(* Let $q$ be a prime power and $m,n$ positive integers. For every primitive polynomial $f(X)\in\mathbb{F}_q[X]$ of degree $mn$ there exists an $(m,n)$-block companion matrix $T$ over $\mathbb{F}_q$ with $T\in \mathrm{GL}_{mn}(\mathbb{F}_q)$, $o(T)=q^{mn}-1$, and $\det(XI_{mn}-T)=f(X)$. In other words, the map $\Psi$ sending a matrix $T\in\mathrm{BCM}(m,n;q)\cap\mathrm{GL}_{mn}(\mathbb{F}_q)$ with $o(T)=q^{mn}-1$ to its characteristic polynomial $\det(XI_{mn}-T)$ is a surjection onto the set of primitive polynomials of degree $mn$ in $\mathbb{F}_q[X]$.
   Context: A monic polynomial $f(X)\in\mathbb{F}_q[X]$ of degree $d$ is primitive if $f(0)\neq 0$ and the least positive integer $e$ with $f(X)\mid X^e-1$ equals $q^d-1$. For $T\in\mathrm{GL}_{mn}(\mathbb{F}_q)$, $o(T)$ is its order in this group. An $(m,n)$-block companion matrix over $\mathbb{F}_q$ is an $mn\times mn$ matrix, written in $n\times n$ blocks of size $m\times m$, whose last block column is $(C_0,C_1,\dots,C_{n-1})^{T}$ for some $C_0,\dots,C_{n-1}\in M_m(\mathbb{F}_q)$, whose block in position $(i+1,i)$ is the identity $I_m$ for $i=1,\dots,n-1$, and all of whose other blocks are zero; $\mathrm{BCM}(m,n;q)$ denotes the set of all such matrices. *)

theory Defs
  imports "Jordan_Normal_Form.Char_Poly"
begin

text \<open>Finite field F_q is modelled by a type 'a of class finite field; q = card (UNIV :: 'a set).\<close>

definition primitive_poly :: "'a::{field,finite} poly \<Rightarrow> nat \<Rightarrow> bool" where
  "primitive_poly f d \<longleftrightarrow>
     monic f \<and> degree f = d \<and> poly f 0 \<noteq> 0 \<and>
     (LEAST e::nat. 0 < e \<and> f dvd (monom 1 e - 1)) = card (UNIV :: 'a set) ^ d - 1"

definition mat_order :: "'a::field mat \<Rightarrow> nat" where
  "mat_order T = (LEAST e::nat. 0 < e \<and> T ^\<^sub>m e = 1\<^sub>m (dim_row T))"

text \<open>(m,n)-block companion matrix with last block column C 0, ..., C (n-1)
  (blocks indexed from 0); identity blocks at block positions (k+1,k).\<close>
definition block_companion :: "nat \<Rightarrow> nat \<Rightarrow> (nat \<Rightarrow> 'a::field mat) \<Rightarrow> 'a mat" where
  "block_companion m n C = mat (m*n) (m*n) (\<lambda>(i,j).
     if j div m = n - 1 then C (i div m) $$ (i mod m, j mod m)
     else if i div m = j div m + 1 then (if i mod m = j mod m then 1 else 0)
     else 0)"

definition BCM :: "nat \<Rightarrow> nat \<Rightarrow> 'a::field mat set" where
  "BCM m n = {block_companion m n C | C. \<forall>k<n. C k \<in> carrier_mat m m}"

end

theory Submission
  imports Defs
begin

text \<open>Read an index i = k m + a (block k, row a < m) of an mn-dimensional space as a n + k.
  Reindexing the ordinary companion matrix C of f by this permutation yields an (m,n)-block
  companion matrix T. So T is similar to C: its characteristic polynomial is f, and its order is
  that of C, which is the order of X modulo f, because C acts on coordinate vectors of
  polynomials of degree < mn as multiplication by X modulo f. For primitive f this order is
  q^(mn) - 1, and f(0) \<noteq> 0 makes T invertible.\<close>

lemma similar_mat_reindex:
  fixes B :: "'a::comm_ring_1 mat"
  assumes B: "B \<in> carrier_mat N N" and p: "bij_betw p {..<N} {..<N}"
  shows "similar_mat (mat N N (\<lambda>(i, j). B $$ (p i, p j))) B"
proof (rule similar_matI)
  define P :: "'a mat" where "P = mat N N (\<lambda>(i, k). if p i = k then 1 else 0)"
  have p_less: "p i < N" if "i < N" for i using p that by (auto dest: bij_betw_apply)
  have p_eq: "p i = p j \<longleftrightarrow> i = j" if "i < N" "j < N" for i j
    using p that by (auto dest: bij_betw_imp_inj_on inj_onD)
  have reindex: "(\<Sum>i<N. g (p i)) = (\<Sum>k<N. g k)" for g :: "nat \<Rightarrow> 'a"
    using sum.reindex_bij_betw[OF p] .
  show "{mat N N (\<lambda>(i, j). B $$ (p i, p j)), B, P, transpose_mat P} \<subseteq> carrier_mat N N"
    using B by (auto simp: P_def)
  show "P * transpose_mat P = 1\<^sub>m N"
    by (rule eq_matI)
      (auto simp: P_def scalar_prod_def p_eq p_less if_distrib[of "\<lambda>x. x * _"] sum.delta cong: if_cong)
  show "transpose_mat P * P = 1\<^sub>m N"
  proof (rule eq_matI)
    fix k l assume "k < dim_row (1\<^sub>m N :: 'a mat)" "l < dim_col (1\<^sub>m N :: 'a mat)"
    then have "k < N" "l < N" by simp_all
    have "(transpose_mat P * P) $$ (k, l)
        = (\<Sum>i<N. (if p i = k then 1 else 0) * (if p i = l then 1 else 0))"
      using \<open>k < N\<close> \<open>l < N\<close> by (simp add: P_def scalar_prod_def atLeast0LessThan)
    also have "\<dots> = (\<Sum>x<N. (if x = k then 1 else 0) * (if x = l then 1 else 0))"
      by (rule reindex)
    finally show "(transpose_mat P * P) $$ (k, l) = 1\<^sub>m N $$ (k, l)"
      using \<open>k < N\<close> \<open>l < N\<close> by (simp add: if_distrib[of "\<lambda>x. x * _"] sum.delta cong: if_cong)
  qed (simp_all add: P_def)
  show "mat N N (\<lambda>(i, j). B $$ (p i, p j)) = P * B * transpose_mat P"
  proof (rule eq_matI)
    fix i j assume "i < dim_row (P * B * transpose_mat P)" "j < dim_col (P * B * transpose_mat P)"
    then have "i < N" "j < N" by (simp_all add: P_def)
    have "(P * B) $$ (i, l) = B $$ (p i, l)" if "l < N" for l
      using \<open>i < N\<close> that B p_less[OF \<open>i < N\<close>]
      by (simp add: P_def scalar_prod_def atLeast0LessThan if_distrib[of "\<lambda>x. x * _"] sum.delta
          cong: if_cong)
    then show "mat N N (\<lambda>(i, j). B $$ (p i, p j)) $$ (i, j) = (P * B * transpose_mat P) $$ (i, j)"
      using \<open>i < N\<close> \<open>j < N\<close> B p_less[OF \<open>j < N\<close>]
      by (simp add: P_def scalar_prod_def atLeast0LessThan if_distrib[of "\<lambda>x. _ * x"] sum.delta
          cong: if_cong)
  qed (simp_all add: P_def)
qed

::::::

### Try it
Look through the entries above, and wherever a line holds the string "dest", copy it.

### Task output
  have p_less: "p i < N" if "i < N" for i using p that by (auto dest: bij_betw_apply)
    using p that by (auto dest: bij_betw_imp_inj_on inj_onD)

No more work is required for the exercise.